There are still some gaps, mostly in that extending those IDEs with either new DSLs or new refactoring/analysis tools is a decidedly expert undertaking. That said, it does seem like most of the value promised for intentional programming has been achieved by modern IDEs.

Re: ASCII vs. AST

IIRC correctly, the original conception of intentional programming relied on graphical AST representations. This was quickly found to have horrible usability.

Do you have any further information on these failures from the past?

I'd be interested...

... in pointers to additional info on some failures too. I'll start digging on my own of course but it would be great to shorten the process.

yes

Benjamin Pierce showed that diff doesn't satisfy properties you'd expect ("A Formal Investigation of Diff3") and has some interesting work that in one sense circles the area.

Miryung Kim has done some fun work centered around detecting code-duplication and has moved on to study further structured changes.

More generally, Dawson Englar, as part of the coverity project, did some statistical analysis to find basic library usage invariants ("in probability.."), and implicitly, invariant violations and thus extra structure to look for.

Furthermore, given much of the development cycle is spent on maintainence / extension, verification should often be of changes.

I guess what I'm getting at here is that I view it as an SE issue that can bleed into a PL one - albeit one I find interesting.

Cost-benefit

So with that, my question is really if better merge tools are viewed as a necessary problem in dealing with languages or if the outcome is not considered worth the effort?

Yup, that's it exactly. It's a problem that's not quite interesting enough to be the subject of much academic research, and not quite marketable enough to be worth commercial or open-source IDE or VCS vendors' development efforts. It's one of probably thousands of smallish vaguely-annoying problems that will end up being solved once developer resources get cheap enough, but not until then.

Eclipse goes part of the way

Eclipse goes part of the way there, in that it's diff viewer will show you a tree of which classes and methods contained changes. But that still works at the ascii text level, as far as I'm aware.

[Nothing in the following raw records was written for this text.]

(* Let $m\ge2$ and let $X=(X_i)_{1\le i\le n}$, $Y=(Y_i)_{1\le i\le n}$ be independent with i.i.d. letters in $\{\alpha_1,\dots,\alpha_m\}$, $\mathbb{P}(X_1=\alpha_k)=\mathbb{P}(Y_1=\alpha_k)=p_k$, where $p_2=\max_{2\le j\le m}p_j$. Let $LC_n$ be the length of the longest common subsequence of $X$ and $Y$. Let $p_1>1/2$ and let \[ D_1:=\left\{LC_n\ge np_1+\left((1-p_2)^3-p_2\right)np_2^2\right\}. \] Then \[ \mathbb{P}(D_1)\ge1-4\exp(-2np_2^6)-\exp\left(n\left(p_2^3+\log(1-p_2^3)\right)(p_1-p_2^3)\right). \]
   Context: The length of the longest common subsequence of $X_1\cdots X_n$ and $Y_1\cdots Y_n$ is the largest $k$ such that there exist $1\le i_1<\dots<i_k\le n$, $1\le j_1<\dots<j_k\le n$ with $X_{i_s}=Y_{j_s}$ for all $s$. *)

theory Defs
  imports "HOL-Analysis.Analysis"
begin

text \<open>Letters: the alphabet {alpha_1,...,alpha_m} is represented by the indices {1..m}.
  A word of length n is a list of length n over {1..m}.\<close>

definition words :: "nat \<Rightarrow> nat \<Rightarrow> nat list set" where
  "words m n = {xs. length xs = n \<and> set xs \<subseteq> {1..m}}"

definition common_subseq_len :: "'a list \<Rightarrow> 'a list \<Rightarrow> nat \<Rightarrow> bool" where
  "common_subseq_len xs ys k \<longleftrightarrow>
     (\<exists>I J :: nat \<Rightarrow> nat. strict_mono_on {..<k} I \<and> strict_mono_on {..<k} J \<and>
        (\<forall>s<k. I s < length xs \<and> J s < length ys \<and> xs ! (I s) = ys ! (J s)))"

definition LCS_len :: "'a list \<Rightarrow> 'a list \<Rightarrow> nat" where
  "LCS_len xs ys = Max {k. common_subseq_len xs ys k}"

There are also a number of XML Diff utilities which work on the DOM tree of the XML document. For example, IBM's effort.

An AST-based diff would be great for avoiding silly problems like files being reported as changed when they've simply been reformatted. The lesson from XML seems to be that these sorts of tools will start to appear if obtaining an AST for a file is easy enough.

Lingua Franxmla

All compilers should have XML back-ends. Too bad that doesn't help since you'd be diffing XML rather than source code. So then we just simply need to use some XSLT to fix it up to look like source code! Voila! (I kid.)

Why not...

After all, if it's good enough for gcc... :-)

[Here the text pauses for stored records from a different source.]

lemma mat_l1_norm_re_mat_inverse_le:
  fixes W B :: "complex^'n^'n"
  assumes BM: "B ** (mat 1 + W) = mat 1" and MB: "(mat 1 + W) ** B = mat 1"
    and B: "\<And>i j. cmod (B$i$j) \<le> 1"
  shows "mat_l1_norm (cplx_mat (re_mat B) - B) \<le> real CARD('n) ^ 4 / 2 * mat_l1_norm (W - cnj_mat W)"
proof -
  define n where "n = real CARD('n)"
  define T where "T = mat_l1_norm (W - cnj_mat W)"
  have "cnj_mat (mat 1 + W) ** cnj_mat B = mat 1"
    using MB by (metis cnj_mat_mult cnj_mat_mat_1)
  with BM have "B - cnj_mat B = B ** (cnj_mat (mat 1 + W) - (mat 1 + W)) ** cnj_mat B"
    by (rule matrix_inverse_diff)
  then have imag: "B - cnj_mat B = B ** (cnj_mat W - W) ** cnj_mat B"
    by (simp add: cnj_mat_add cnj_mat_mat_1)
  have nB: "mat_l1_norm B \<le> n^2"
    using mat_l1_norm_le[of B 1] B by (simp add: n_def power2_eq_square)
  have "2 * mat_l1_norm (cplx_mat (re_mat B) - B) = mat_l1_norm (B - cnj_mat B)"
    by (rule mat_l1_norm_re_mat)
  also have "\<dots> \<le> mat_l1_norm B * T * mat_l1_norm (cnj_mat B)"
    unfolding imag T_def by (metis mat_l1_norm_mult3 mat_l1_norm_minus_commute)
  also have "\<dots> \<le> n^2 * T * n^2"
    using nB by (simp add: mat_l1_norm_cnj_mat T_def mat_l1_norm_nonneg mult_mono)
  finally show ?thesis
    by (simp add: n_def T_def power4_eq_xxxx power2_eq_square mult_ac)
qed

lemma orthogonal_near_one_close_to_SO_R:
  fixes W :: "complex^'n^'n"
  assumes W: "W ** transpose W = mat 1" and near: "mat_l1_norm (W - mat 1) \<le> 1"
  shows "\<exists>U\<in>SO_R. mat_l1_norm (W - cplx_mat U)
           \<le> (2 * real CARD('n) + 1) * real CARD('n) ^ 6 * mat_l1_norm (W - cnj_mat W)"
proof -
  define n where "n = real CARD('n)"
  define T where "T = mat_l1_norm (W - cnj_mat W)"
  define M where "M = mat 1 + W"
  obtain B where BM: "B ** M = mat 1" and MB: "M ** B = mat 1" and B: "\<And>i j. cmod (B$i$j) \<le> 1"
    using bounded_below_matrix_inverse[where M=M and c=1] norm_le_norm_mult_one_plus[OF near]
    unfolding M_def by auto
  define R where "R = re_mat B"
  have "R + transpose R = mat 1"
  proof -
    have "B + transpose B = mat 1"
      using left_inverse_one_plus_orthogonal_add_transpose[OF W] BM unfolding M_def by blast
    then have "Re ((B + transpose B)$i$j) = (mat 1 :: real^'n^'n)$i$j" for i j
      by (simp add: mat_def)
    then show ?thesis unfolding R_def re_mat_def transpose_def by (simp add: vec_eq_iff)
  qed
  then obtain Ri where RiR: "Ri ** R = mat 1" and RRi: "R ** Ri = mat 1"
    and Ri: "\<And>i j. norm (Ri$i$j) \<le> 2"
    by (metis bounded_below_matrix_inverse norm_le_twice_norm_mult_if_add_transpose_eq_1)
  have SO: "Ri - mat 1 \<in> SO_R"
    by (rule cayley_transform_in_SO_R) fact+
  have "W - cplx_mat (Ri - mat 1) = M - cplx_mat Ri"
    by (simp add: M_def cplx_mat_diff cplx_mat_mat_1)
  also have "\<dots> = M ** (cplx_mat R - B) ** cplx_mat Ri"
    by (rule matrix_inverse_diff) (simp_all add: MB RRi cplx_mat_mat_1 flip: cplx_mat_mult)
  finally have "mat_l1_norm (W - cplx_mat (Ri - mat 1))
      \<le> mat_l1_norm M * mat_l1_norm (cplx_mat R - B) * mat_l1_norm (cplx_mat Ri)"
    by (simp add: mat_l1_norm_mult3)
  also have "\<dots> \<le> (2 * n + 1) * (n^4 / 2 * T) * (2 * n^2)"
  proof (intro mult_mono)
    have "M = mat 1 + (mat 1 + (W - mat 1))" by (simp add: M_def)
    then show "mat_l1_norm M \<le> 2 * n + 1"
      using mat_l1_norm_triangle[of "mat 1" "mat 1 + (W - mat 1)"]
        mat_l1_norm_triangle[of "mat 1" "W - mat 1"] near
      by (simp add: mat_l1_norm_mat n_def)
    show "mat_l1_norm (cplx_mat R - B) \<le> n^4 / 2 * T"
      using mat_l1_norm_re_mat_inverse_le BM MB B unfolding R_def M_def n_def T_def by blast
    show "mat_l1_norm (cplx_mat Ri) \<le> 2 * n^2"
      using mat_l1_norm_le[of Ri 2] Ri by (simp add: mat_l1_norm_cplx_mat n_def power2_eq_square)
  qed (auto simp: mat_l1_norm_nonneg n_def T_def)
  also have "\<dots> = (2 * n + 1) * n^6 * T"
    by (simp add: power_add[symmetric] algebra_simps)
  finally show ?thesis
    using SO unfolding n_def T_def by blast
qed

lemma mat_l1_norm_mult_SO_R:
  fixes A :: "complex^'n^'m"
  assumes "V \<in> SO_R"
  shows "mat_l1_norm (A ** cplx_mat V) \<le> mat_l1_norm A * real CARD('n) ^ 2"
    and "mat_l1_norm (A ** transpose (cplx_mat V)) \<le> mat_l1_norm A * real CARD('n) ^ 2"
  using mat_l1_norm_mult[of A "cplx_mat V"] mat_l1_norm_mult[of A "transpose (cplx_mat V)"]
    mult_left_mono[OF mat_l1_norm_SO_R[OF assms] mat_l1_norm_nonneg[of A]]
  by (simp_all add: mat_l1_norm_transpose mat_l1_norm_cplx_mat)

Seriously though, the XML diff reference was meant as an example of tools working on an AST (the W3C's DOM in that case) in the hope that there might be some useful ideas to take from it - not as a suggestion that XML would be better than ASCII for diffing.

Agreed

Discussion forums are hard - I wasn't and didn't mean to sound like I was dogging anything about the XML diff (and I have had need for good XML diffs quite often). And, I could sorta like the idea of having XML as some core representation with conversion to-and-from the relevant language ASTs, although not because I think XML is anything other than a standard format; no super powers or silver bullet-ness.

How much knowledge of a

How much knowledge of a language is necessary in order to get a less cumbersome diff? For dealing with languages like Java/C/C++ etc, what if you teach diff what a block is and then it can treat the contents of the blocks relatively normal (as ascii text). It's not perfect but would that bare minimum amount of knowledge be useful.

Lost information

Once you're diffing two files, you have already lost information. A simple approach might be for the editor to persistently remember every editing action (inserted and deleted characters, cut, paste, etc.) on all undo/redo paths. It's still a challenge to generate a meaningful diff from this information - you might be able to track movement of text with cut and paste, or points where you deleted/created lines.